In the municipal school that Jakob attended he was one of three Jews out of thirty students. He applied to the Joseph Pilsudski secondary school only to find out that there was no place for him as the number of Jews was limited. Instead Jakob went to a private school. He identified himself as a "Polish boy with a Jewish background" but still he was subject to antisemitism during his school years.
1938-1940
Jakob was 14 years old when the war broke out on 1 September 1939 and German soldiers came marching onto the streets in Lodz.
Later that same autumn, when Jakob was preparing to continue his studies, nothing was the same. All Jewish children were forced to leave school. The names of the streets were changed and Jews were forbidden to walk on the main street that was now called Adolf Hitler Strasse.
1940-1944
The Jews in Lodz were forcibly moved into a ghetto and, at the end of January 1940, Jakob and his family were ordered to leave their apartment.
In the ghetto, Jakob’s father was put in charge of the administrative office that decided where the ghetto inhabitants would live. His mother managed the old people's home. Some of the elderly had been deported to Lodz from Berlin, Hamburg and Vienna. Jakob, who had turned fifteen, became an apprentice in the mechanics workshop.

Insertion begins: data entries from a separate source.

lemma card_syt_branching:
  assumes fin: "finite D" and ne: "D \<noteq> {}"
  shows "card (syt D) = (\<Sum>c\<in>corners D. card (syt (D - {c})))"
proof -
  define M where "M c = {T \<in> syt D. T c = card D}" for c
  have "syt D \<subseteq> (\<Union>c\<in>corners D. M c)"
  proof
    fix T assume T: "T \<in> syt D"
    then have "T ` D = {1..card D}" "1 \<le> card D"
      using fin ne by (auto simp: syt_def bij_betw_def Suc_le_eq card_gt_0_iff)
    then obtain c where c: "c \<in> D" "T c = card D"
      by (metis atLeastAtMost_iff imageE order.refl)
    then have "c \<in> corners D"
      by (rule syt_max_in_corners[OF T])
    with T c show "T \<in> (\<Union>c\<in>corners D. M c)"
      by (auto simp: M_def)
  qed
  then have "syt D = (\<Union>c\<in>corners D. M c)"
    by (auto simp: M_def)
  then have "card (syt D) = card (\<Union>c\<in>corners D. M c)"
    by simp
  also have "\<dots> = (\<Sum>c\<in>corners D. card (M c))"
  proof (rule card_UN_disjoint)
    show "finite (corners D)"
      using fin by (simp add: corners_def)
    show "\<forall>c\<in>corners D. finite (M c)"
      using finite_syt[OF fin] by (simp add: M_def)
    have "c = c'" if "T \<in> M c" "T \<in> M c'" "c \<in> corners D" "c' \<in> corners D" for T c c'
    proof -
      have "inj_on T D" "c \<in> D" "c' \<in> D" "T c = T c'"
        using that by (auto simp: M_def corners_def syt_def bij_betw_def)
      then show ?thesis
        by (auto dest: inj_onD)
    qed
    then show "\<forall>c\<in>corners D. \<forall>c'\<in>corners D. c \<noteq> c' \<longrightarrow> M c \<inter> M c' = {}"
      by blast
  qed
  also have "\<dots> = (\<Sum>c\<in>corners D. card (syt (D - {c})))"
    using fin by (intro sum.cong) (simp_all add: M_def card_syt_max_at_corner)
  finally show ?thesis .
qed

section \<open>Removing and adding a cell of a partition\<close>

lemma is_partition_nth:
  "is_partition n lam \<longleftrightarrow>
    (\<forall>i j. i < j \<longrightarrow> j < length lam \<longrightarrow> lam ! j \<le> lam ! i)
    \<and> (\<forall>i<length lam. 0 < lam ! i) \<and> sum_list lam = n"
  by (auto simp: is_partition_def sorted_wrt_iff_nth_less in_set_conv_nth)

lemma partition_nth_antimono:
  "is_partition n lam \<Longrightarrow> i \<le> j \<Longrightarrow> j < length lam \<Longrightarrow> lam ! j \<le> lam ! i"
  by (cases "i = j") (auto simp: is_partition_nth)

lemma partition_nth_pos: "is_partition n lam \<Longrightarrow> i < length lam \<Longrightarrow> 0 < lam ! i"
  by (simp add: is_partition_nth)

definition removable_rows :: "nat list \<Rightarrow> nat set" where
  "removable_rows lam = {i. i < length lam \<and> (Suc i = length lam \<or> lam ! Suc i < lam ! i)}"

definition run_starts :: "'a list \<Rightarrow> nat set" where
  "run_starts xs = {i. i < length xs \<and> (i = 0 \<or> xs ! i \<noteq> xs ! (i - 1))}"

definition addable_rows :: "nat \<Rightarrow> nat list \<Rightarrow> nat set" where
  "addable_rows k mu = run_starts mu \<union> (if length mu < k then {length mu} else {})"

definition add_cell :: "nat list \<Rightarrow> nat \<Rightarrow> nat list" where
  "add_cell mu i = (if i < length mu then mu[i := Suc (mu ! i)] else mu @ [1])"

text \<open>A removable row of length 1 is the last row, so \<open>butlast\<close> deletes exactly that row.\<close>

definition remove_cell :: "nat list \<Rightarrow> nat \<Rightarrow> nat list" where
  "remove_cell lam i = (if lam ! i = 1 then butlast lam else lam[i := lam ! i - 1])"

lemma removable_row_one_is_last:
  assumes p: "is_partition n lam" and i: "i \<in> removable_rows lam" "lam ! i = 1"
  shows "Suc i = length lam"
proof (rule ccontr)
  assume "Suc i \<noteq> length lam"
  with i have "lam ! Suc i < 1" "Suc i < length lam"
    by (auto simp: removable_rows_def)
  with partition_nth_pos[OF p] show False
    by fastforce
qed

lemma is_partition_append_one: "is_partition n mu \<Longrightarrow> is_partition (Suc n) (mu @ [1])"
  by (auto simp: is_partition_def sorted_wrt_append Suc_le_eq)

lemma is_partition_butlast:
  assumes p: "is_partition (Suc n) lam" and last: "last lam = 1"
  shows "is_partition n (butlast lam)"
proof -
  have "lam \<noteq> []"
    using p by (auto simp: is_partition_def)
  with last have "lam = butlast lam @ [1]"
    by (metis append_butlast_last_id)
  with p have "is_partition (Suc n) (butlast lam @ [1])"
    by simp
  then show ?thesis
    by (simp add: is_partition_def sorted_wrt_append)
qed

lemma is_partition_increase_row:
  assumes p: "is_partition n mu" and i: "i \<in> run_starts mu"
  shows "is_partition (Suc n) (mu[i := Suc (mu ! i)])"
proof -
  have il: "i < length mu"
    using i by (simp add: run_starts_def)
  have "mu[i := Suc (mu ! i)] ! b \<le> mu[i := Suc (mu ! i)] ! a"
    if ab: "a < b" "b < length mu" for a b
  proof (cases "b = i")
    case True
    then have "mu ! i < mu ! (i - 1)"
      using i ab partition_nth_antimono[OF p, of "i - 1" i] by (auto simp: run_starts_def)
    moreover have "mu ! (i - 1) \<le> mu ! a"
      using True ab partition_nth_antimono[OF p, of a "i - 1"] by simp
    ultimately show ?thesis
      using True ab by simp
  next
    case False
    then show ?thesis
      using ab partition_nth_antimono[OF p, of a b] by (cases "a = i") auto
  qed
  then show ?thesis
    using p il by (auto simp: is_partition_nth nth_list_update sum_list_update)
qed

lemma is_partition_decrease_row:
  assumes p: "is_partition (Suc n) lam" and i: "i \<in> removable_rows lam" "1 < lam ! i"
  shows "is_partition n (lam[i := lam ! i - 1])"
proof -
  have il: "i < length lam"
    using i by (simp add: removable_rows_def)
  have "lam[i := lam ! i - 1] ! b \<le> lam[i := lam ! i - 1] ! a"
    if ab: "a < b" "b < length lam" for a b
  proof (cases "a = i")
    case True
    then have "lam ! Suc i < lam ! i"
      using i ab by (auto simp: removable_rows_def)
    moreover have "lam ! b \<le> lam ! Suc i"
      using True ab partition_nth_antimono[OF p, of "Suc i" b] by simp
    ultimately show ?thesis
      using True ab by simp
  next
    case False
    then show ?thesis
      using ab partition_nth_antimono[OF p, of a b] by (cases "b = i") auto
  qed
  then show ?thesis
    using p il i by (auto simp: is_partition_nth nth_list_update sum_list_update)
qed

lemma add_cell_partition:
  assumes p: "is_partition n mu" and k: "length mu \<le> k" and i: "i \<in> addable_rows k mu"
  shows "is_partition (Suc n) (add_cell mu i) \<and> length (add_cell mu i) \<le> k
    \<and> i \<in> removable_rows (add_cell mu i)"
proof (cases "i < length mu")
  case True
  then have "i \<in> run_starts mu"
    using i by (auto simp: addable_rows_def split: if_splits)
  moreover have "i \<in> removable_rows (mu[i := Suc (mu ! i)])"
    using True partition_nth_antimono[OF p, of i "Suc i"]
    by (cases "Suc i < length mu") (auto simp: removable_rows_def)
  ultimately show ?thesis
    using True k is_partition_increase_row[OF p] by (simp add: add_cell_def)
next
  case False
  then have "i = length mu" "length mu < k"
    using i by (auto simp: addable_rows_def run_starts_def split: if_splits)
  then show ?thesis
    using is_partition_append_one[OF p] by (simp add: add_cell_def removable_rows_def)
qed

lemma remove_cell_partition:
  assumes p: "is_partition (Suc n) lam" and k: "length lam \<le> k" and i: "i \<in> removable_rows lam"
  shows "is_partition n (remove_cell lam i) \<and> length (remove_cell lam i) \<le> k
    \<and> i \<in> addable_rows k (remove_cell lam i)"
proof (cases "lam ! i = 1")
  case True
  then have last: "Suc i = length lam"
    using removable_row_one_is_last[OF p i] by simp
  then have "last lam = 1"
    using True by (metis diff_Suc_1 last_conv_nth list.size(3) nat.distinct(1))
  moreover have "length (butlast lam) = i" "i < k"
    using last k by simp_all
  ultimately show ?thesis
    using True is_partition_butlast[OF p] by (simp add: remove_cell_def addable_rows_def)
next
  case False
  have il: "i < length lam"
    using i by (simp add: removable_rows_def)
  then have "1 < lam ! i"
    using False partition_nth_pos[OF p] by (metis less_one nat_neq_iff)
  moreover have "lam ! i \<le> lam ! (i - 1)"
    using partition_nth_antimono[OF p, of "i - 1" i] il by simp
  ultimately have "i \<in> run_starts (lam[i := lam ! i - 1])"
    using il by (auto simp: run_starts_def nth_list_update)
  then show ?thesis
    using False k is_partition_decrease_row[OF p i] \<open>1 < lam ! i\<close>
    by (simp add: remove_cell_def addable_rows_def)
qed
(* Let $(R,v)$ be a discrete valuation domain and let $f=a_0+a_1x+\cdots+a_nx^n\in R[x]$ with $n\ge 2$ and $a_0a_n\neq 0$. Suppose there is an index $s\in\{0,1,\ldots,n-1\}$ such that: (a) $m_i(f)<m_s(f)$ for all $i\in\{0,1,\ldots,n-1\}$ with $i\neq s$; (b) the integer $d=\gcd\bigl(v(a_s)-v(a_n),\,n-s\bigr)$ satisfies $d=n(n-s)\bigl(m_s(f)-m_0(f)\bigr)$ if $s\neq 0$, and $d=1$ if $s=0$. Then either $f$ is irreducible in $R[x]$, or $f$ has a factor in $R[x]$ whose degree is zero or a multiple of $(n-s)/d$. Precisely: whenever $f=f_1f_2$ with $f_1,f_2\in R[x]$, the integer $(n-s)/d$ divides $\deg f_1$ or $\deg f_2$.
   Context: $(R,v)$ is a discrete valuation domain with (discrete) valuation $v$, extended by $v(0)=+\infty$. For a polynomial $f=a_0+a_1x+\cdots+a_nx^n\in R[x]$ of degree $n$ (so $a_n\ne 0$) and $i\in\{0,\ldots,n-1\}$, define $m_i(f)=\dfrac{v(a_n)-v(a_i)}{n-i}$ (the slope of the segment joining $(i,v(a_i))$ and $(n,v(a_n))$; it equals $-\infty$ if $a_i=0$). *)

theory Defs
  imports "HOL-Computational_Algebra.Polynomial" "HOL-Library.Extended_Real"
begin

text \<open>A discrete valuation domain: an integral domain R together with a discrete
  valuation v : R - {0} -> N (v 0 = +infinity is handled by only using v on
  nonzero elements), such that R is the valuation ring of v, i.e.
  v(x) <= v(y) iff x divides y, and v is surjective onto N (there is a uniformizer).\<close>
definition discrete_valuation_domain :: "('a::idom \<Rightarrow> int) \<Rightarrow> bool" where
  "discrete_valuation_domain v \<longleftrightarrow>
     (\<forall>x y. x \<noteq> 0 \<longrightarrow> y \<noteq> 0 \<longrightarrow> v (x * y) = v x + v y) \<and>
     (\<forall>x y. x \<noteq> 0 \<longrightarrow> y \<noteq> 0 \<longrightarrow> x + y \<noteq> 0 \<longrightarrow> v (x + y) \<ge> min (v x) (v y)) \<and>
     (\<forall>x. x \<noteq> 0 \<longrightarrow> v x \<ge> 0) \<and>
     (\<forall>x y. x \<noteq> 0 \<longrightarrow> y \<noteq> 0 \<longrightarrow> (x dvd y \<longleftrightarrow> v x \<le> v y)) \<and>
     (\<exists>p. p \<noteq> 0 \<and> v p = 1)"

definition slope_m :: "('a::idom \<Rightarrow> int) \<Rightarrow> 'a poly \<Rightarrow> nat \<Rightarrow> ereal" where
  "slope_m v f i =
     (if coeff f i = 0 then -\<infinity>
      else ereal (real_of_int (v (lead_coeff f) - v (coeff f i)) / real (degree f - i)))"

end

theory Submission
  imports Defs
begin

(* Weight the term a_j x^j by q v(a_j) + p j. For q > 0 the minimal weight is additive under
   multiplication, and so are the first and the last index at which it is attained: the product
   of the two extreme minimal terms cannot be cancelled (Gauss' lemma along one edge of the
   Newton polygon).
   By (a), for the weight (n - s, v(a_s) - v(a_n)) the minimum of f is attained exactly at s and n.
   So in f = f1 f2 the last minimal index of each factor is its degree, and a factor whose first
   minimal index is 0 has degree divisible by (n - s)/d, because its two end coefficients lie on a
   line of slope (v(a_n) - v(a_s))/(n - s). If s = 0 both first indices vanish. If s > 0, (b)
   says that the edges [0, s] and [s, n] have determinant d; then [0, s] is itself an edge with
   no interior lattice point. The factors split it into pieces with lattice end points, so one
   piece is all of it, and by convexity this forces one of the first indices to be 0. *)

lemma div_gcd_dvd_if_mult_eq:
  fixes p q x y :: int
  assumes "q \<noteq> 0" "q * x = p * y"
  shows "q div gcd p q dvd y"
proof -
  define g where "g = gcd p q"
  have "g \<noteq> 0"
    using assms(1) unfolding g_def by simp
  have q: "q = g * (q div g)" and p: "p = g * (p div g)"
    unfolding g_def by simp_all
  have "g * ((q div g) * x) = g * ((p div g) * y)"
    using assms(2) by (subst (asm) q, subst (asm) p) (simp add: ac_simps)
  then have "(q div g) dvd (p div g) * y"
    using \<open>g \<noteq> 0\<close> by (metis dvd_triv_left mult_left_cancel)
  moreover have "coprime (p div g) (q div g)"
    unfolding g_def using assms(1) by (intro div_gcd_coprime) simp
  ultimately show ?thesis
    unfolding g_def by (simp add: coprime_commute coprime_dvd_mult_right_iff)
qed

lemma coeff_nonzero_if_slope_m_less: "slope_m v f i < slope_m v f s \<Longrightarrow> coeff f s \<noteq> 0"
  by (auto simp: slope_m_def)

lemma slope_m_less_iff:
  assumes "i < degree f" "j < degree f" "coeff f i \<noteq> 0" "coeff f j \<noteq> 0"
  shows "slope_m v f i < slope_m v f j \<longleftrightarrow>
    int (degree f - j) * (v (lead_coeff f) - v (coeff f i)) <
      (v (lead_coeff f) - v (coeff f j)) * int (degree f - i)"
proof -
  have "slope_m v f i < slope_m v f j \<longleftrightarrow>
      real (degree f - j) * real_of_int (v (lead_coeff f) - v (coeff f i)) <
        real_of_int (v (lead_coeff f) - v (coeff f j)) * real (degree f - i)"
    using assms by (simp add: slope_m_def field_simps)
  also have "\<dots> \<longleftrightarrow> int (degree f - j) * (v (lead_coeff f) - v (coeff f i)) <
      (v (lead_coeff f) - v (coeff f j)) * int (degree f - i)"
    by (simp only: of_int_less_iff[symmetric, where 'a=real] of_int_mult of_int_of_nat_eq)
  finally show ?thesis .
qed

lemma scaled_slope_m_diff:
  assumes "0 < s" "s < degree f" "coeff f s \<noteq> 0" "coeff f 0 \<noteq> 0"
  shows "ereal (real (degree f) * real (degree f - s)) * (slope_m v f s - slope_m v f 0) =
    ereal (of_int (int (degree f) * (v (lead_coeff f) - v (coeff f s)) -
      int (degree f - s) * (v (lead_coeff f) - v (coeff f 0))))"
  using assms by (simp add: slope_m_def field_simps)
locale nonarch_valuation =
  fixes v :: "'a::idom \<Rightarrow> int"
  assumes val_mult: "x \<noteq> 0 \<Longrightarrow> y \<noteq> 0 \<Longrightarrow> v (x * y) = v x + v y"
    and val_add: "x \<noteq> 0 \<Longrightarrow> y \<noteq> 0 \<Longrightarrow> x + y \<noteq> 0 \<Longrightarrow> min (v x) (v y) \<le> v (x + y)"

lemma discrete_valuation_domain_imp_nonarch_valuation:
  "discrete_valuation_domain v \<Longrightarrow> nonarch_valuation v"
  unfolding discrete_valuation_domain_def by unfold_locales blast+

context nonarch_valuation
begin

lemma val_one: "v 1 = 0"
  using val_mult[of 1 1] by simp

lemma val_uminus: "v (- x) = v x"
proof (cases "x = 0")
  case False
  have "v (-1) + v (-1) = 0"
    using val_mult[of "-1" "-1"] val_one by simp
  then show ?thesis
    using val_mult[of "-1" x] False by simp
qed simp
lemma harm_le_ln: "harm n \<le> ln (2 * real n + 1)"
proof (induction n)
  case 0
  then show ?case by (simp add: harm_def)
next
  case (Suc n)
  have "1 / real (Suc n) = 2 * ((2 * real n + 3) - (2 * real n + 1)) / ((2 * real n + 1) + (2 * real n + 3))"
    by (simp add: field_simps)
  also have "\<dots> \<le> ln (2 * real n + 3) - ln (2 * real n + 1)"
    by (rule ln_inverse_approx_ge) auto
  finally show ?case using Suc by (simp add: harm_Suc inverse_eq_divide add_ac)
qed

lemma ln_le_powr_div:
  fixes z c :: real
  assumes "0 < z" "0 < c"
  shows "ln z \<le> z powr c / (c * exp 1)"
proof -
  have "ln (z powr c / exp 1) \<le> z powr c / exp 1 - 1"
    using assms by (intro ln_le_minus_one) simp
  then have "c * ln z \<le> z powr c / exp 1"
    using assms by (simp add: ln_div)
  then show ?thesis using assms by (simp add: field_simps)
qed

lemma ln_two_mult_minus_one_less_powr:
  assumes "1 \<le> n"
  shows "ln (2 * real n - 1) < real n powr (4/7)"
proof -
  have "(2 powr (4/7::real)) ^ 7 = 2 powr (4/7 * 7)"
    by (simp add: powr_power)
  also have "\<dots> = 16" by simp
  also have "16 < (153/100::real) ^ 7" by (simp add: power_divide)
  finally have "2 powr (4/7::real) < 153/100"
    by (rule power_less_imp_less_base) simp
  moreover have "27/10 < exp (1::real)"
    using e_approx_32 by (simp add: abs_if split: if_split_asm)
  ultimately have const: "7/4 * 2 powr (4/7) < exp (1::real)" by simp
  have "ln (2 * real n - 1) \<le> (2 * real n - 1) powr (4/7) / (4/7 * exp 1)"
    using assms by (intro ln_le_powr_div) auto
  also have "\<dots> \<le> (2 * real n) powr (4/7) / (4/7 * exp 1)"
    using assms by (intro divide_right_mono powr_mono2) auto
  also have "\<dots> = (7/4 * 2 powr (4/7)) / exp 1 * real n powr (4/7)"
    by (simp add: powr_mult field_simps)
  also have "\<dots> < real n powr (4/7)"
    using const assms by (simp add: field_simps)
  finally show ?thesis .
qed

Two years after the ghetto’s establishment the Germans started to deport people. From his window Jakob could see children being brutally loaded onto trucks and being taken away in one of the child deportations that took place.
1944-1945
As the deportations kept going the ghetto grew smaller. The area where Jakob lived was the last one to be emptied. Announcements were posted that told people to “come to the train station in order to be sent to another camp”.
At the end, as the food distribution had stopped, Jakob and his family saw no other way out but to leave the ghetto. When the train stopped at Auschwitz-Birkenau the Jews were subjected to a selection and Jakob was forcibly separated from his mother and father.
1945 and Postwar Experience
From Auschwitz-Birkenau Jakob was taken to a slave labour camp at a factory in Braunschweig. The conditions in the camp were horrible and the work harsh. Due to the lice Jakob was constantly covered in sores and bites.
On May 1st 1945 Jakob and other prisoners were loaded on train wagons. However, due to the heavy bombings of the Allied forces the train never took off and the next day the camp was liberated.
After the liberation Jakob was brought to a camp for displaced persons at Bergen-Belsen. Doctors discovered that he had TBC and suggested that he should receive treatment in Sweden. Thus on July 20, 1945, Jakob arrived to Trelleborg by boat from Lübeck.